Packaging focused on value, color makes sense

07/21/2011 12:10:00 PM
Dan Gailbraith

Bulk displays continue to dominate the pepper category in retail produce departments, but some retailers are discovering that value packs can sell as well, marketers say.

“We’re seeing a high demand for multi-packs, especially in the value format,” said Darren Micelle, marketing officer for Immokalee, Fla.-based Six L’s Packing Co.

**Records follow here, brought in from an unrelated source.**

lemma coarse_structure_coarse_with_base:
  assumes base_Id: "\<exists>B\<in>\<B>. Id_on X \<subseteq> B"
    and base_sub: "\<And>B. B \<in> \<B> \<Longrightarrow> B \<subseteq> X \<times> X"
    and base_Un: "\<And>B C. B \<in> \<B> \<Longrightarrow> C \<in> \<B> \<Longrightarrow> \<exists>D\<in>\<B>. B \<union> C \<subseteq> D"
    and base_relcomp: "\<And>B C. B \<in> \<B> \<Longrightarrow> C \<in> \<B> \<Longrightarrow> \<exists>D\<in>\<B>. B O C \<subseteq> D"
    and base_converse: "\<And>B. B \<in> \<B> \<Longrightarrow> \<exists>D\<in>\<B>. B\<inverse> \<subseteq> D"
  shows "coarse_structure X (coarse_with_base X \<B>)"
  unfolding coarse_structure_def
proof (intro conjI ballI allI impI)
  show "Id_on X \<in> coarse_with_base X \<B>"
    using base_Id by (simp add: mem_coarse_with_base)
next
  fix E assume "E \<in> coarse_with_base X \<B>"
  then show "Id_on X \<subseteq> E" and "E \<subseteq> X \<times> X"
    using base_sub by (auto simp: mem_coarse_with_base)
next
  fix E F assume "E \<in> coarse_with_base X \<B>" and "F \<in> coarse_with_base X \<B>"
  then obtain B C where E: "Id_on X \<subseteq> E" "B \<in> \<B>" "E \<subseteq> B"
    and F: "Id_on X \<subseteq> F" "C \<in> \<B>" "F \<subseteq> C"
    by (auto simp: mem_coarse_with_base)
  obtain D D' where "D \<in> \<B>" "B \<union> C \<subseteq> D" "D' \<in> \<B>" "B O C \<subseteq> D'"
    using base_Un[OF E(2) F(2)] base_relcomp[OF E(2) F(2)] by blast
  moreover have "Id_on X \<subseteq> E O F" using E(1) F(1) by auto
  moreover have "E O F \<subseteq> B O C" using E(3) F(3) by (rule relcomp_mono)
  ultimately have "Id_on X \<subseteq> E \<union> F \<and> E \<union> F \<subseteq> D" and "Id_on X \<subseteq> E O F \<and> E O F \<subseteq> D'"
    using E F by auto
  then show "E \<union> F \<in> coarse_with_base X \<B>" and "E O F \<in> coarse_with_base X \<B>"
    unfolding mem_coarse_with_base using \<open>D \<in> \<B>\<close> \<open>D' \<in> \<B>\<close> by auto
next
  fix E assume "E \<in> coarse_with_base X \<B>"
  then obtain B where "Id_on X \<subseteq> E" "B \<in> \<B>" "E \<subseteq> B"
    by (auto simp: mem_coarse_with_base)
  moreover obtain D where "D \<in> \<B>" "B\<inverse> \<subseteq> D" using base_converse \<open>B \<in> \<B>\<close> by blast
  ultimately show "E\<inverse> \<in> coarse_with_base X \<B>"
    unfolding mem_coarse_with_base by blast
next
  fix E F assume "E \<in> coarse_with_base X \<B>" and "Id_on X \<subseteq> F \<and> F \<subseteq> E"
  then show "F \<in> coarse_with_base X \<B>"
    by (meson mem_coarse_with_base order_trans)
qed

lemma bounded_in_mono: "bounded_in X \<E> Y \<Longrightarrow> \<E> \<subseteq> \<E>' \<Longrightarrow> bounded_in X \<E>' Y"
  unfolding bounded_in_def by blast

subsection \<open>Locally finite entourages\<close>

definition locally_finite_entourages :: "('a \<times> 'a) set set" where
  "locally_finite_entourages = {E. Id \<subseteq> E \<and> (\<forall>x. finite (E `` {x}) \<and> finite (E\<inverse> `` {x}))}"

lemma finite_Image_if_finite_balls:
  "finite A \<Longrightarrow> (\<And>x. finite (R `` {x})) \<Longrightarrow> finite (R `` A)"
  unfolding Image_eq_UN[of R A] by blast

lemma coarse_with_base_locally_finite_entourages:
  "coarse_with_base UNIV locally_finite_entourages = locally_finite_entourages"
proof (intro equalityI subsetI)
  fix E :: "('a \<times> 'a) set"
  assume "E \<in> coarse_with_base UNIV locally_finite_entourages"
  then obtain B where "Id \<subseteq> E" "E \<subseteq> B" "B \<in> locally_finite_entourages"
    unfolding mem_coarse_with_base by auto
  moreover have "finite (E `` {x})" and "finite (E\<inverse> `` {x})" for x
  proof -
    have "finite (B `` {x})" and "finite (B\<inverse> `` {x})"
      using \<open>B \<in> locally_finite_entourages\<close> unfolding locally_finite_entourages_def by auto
    moreover have "E `` {x} \<subseteq> B `` {x}" and "E\<inverse> `` {x} \<subseteq> B\<inverse> `` {x}"
      using \<open>E \<subseteq> B\<close> by auto
    ultimately show "finite (E `` {x})" and "finite (E\<inverse> `` {x})"
      by (auto intro: finite_subset)
  qed
  ultimately show "E \<in> locally_finite_entourages"
    unfolding locally_finite_entourages_def by auto
qed (auto simp: mem_coarse_with_base locally_finite_entourages_def)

Inc.

“Bag packaging has also increased, in order to cater to value, as well.”

Tri-color packaging is growing in popularity because it exposes consumers to a variety of colored peppers and creates a higher ring, said Aaron Quon, greenhouse category director for Vancouver, British Columbia-based The Oppenheimer Group.

“Packaged pepper sales have increased by about 5% since 2006,” he said. “Selling peppers in packs is ideal because it helps maintain quality while providing a value-size offering.”

The multiple colors and shapes found in the pepper category can make for a compelling package, said Javier Gonzalez, Miami-based category manager for Edinburg, Texas-based Frontera Produce LLC.

“I would love to see some sort of mixed pepper assortment, like they do with the different colored bell peppers, putting together several dishes and creating a full meal,” he said.

“Sometimes, somebody will pick up one item and zero in and not take on the whole deal.”

Too often, consumers discover pepper varieties on a “one-by-one” basis, Gonzalez said.

“We’d make a lot more strides if people would jump in and take it on as part of a whole meal,” he said.

“A lot of these ingredients are integrated. How about a salad with something where you integrate several items at once, where you reach the legitimacy of what that meal would be like?”

Some varieties, such as mini sweets, are more amenable to packaging concepts than bell peppers, particularly in the current economic climate, some marketers said.

“We’d get calls for tray pack bells, and then, about two years ago, we went back to volume fill,” said Greg Cardamone, general manager for vegetables with Raleigh, N.C.-based L&M Cos.

“That seems to be the continual shift. The retailers recognize the consumer, with the economy the way it is, they’re not willing to pay a premium for some goods. Obviously, bagged salads are still good but, for staple items, the more you can give them for the price, the better the sales.”

Value is an important part of the equation, said Kevin Batt, sales director for Langley, British Columbia-based BC Hot House Foods Inc.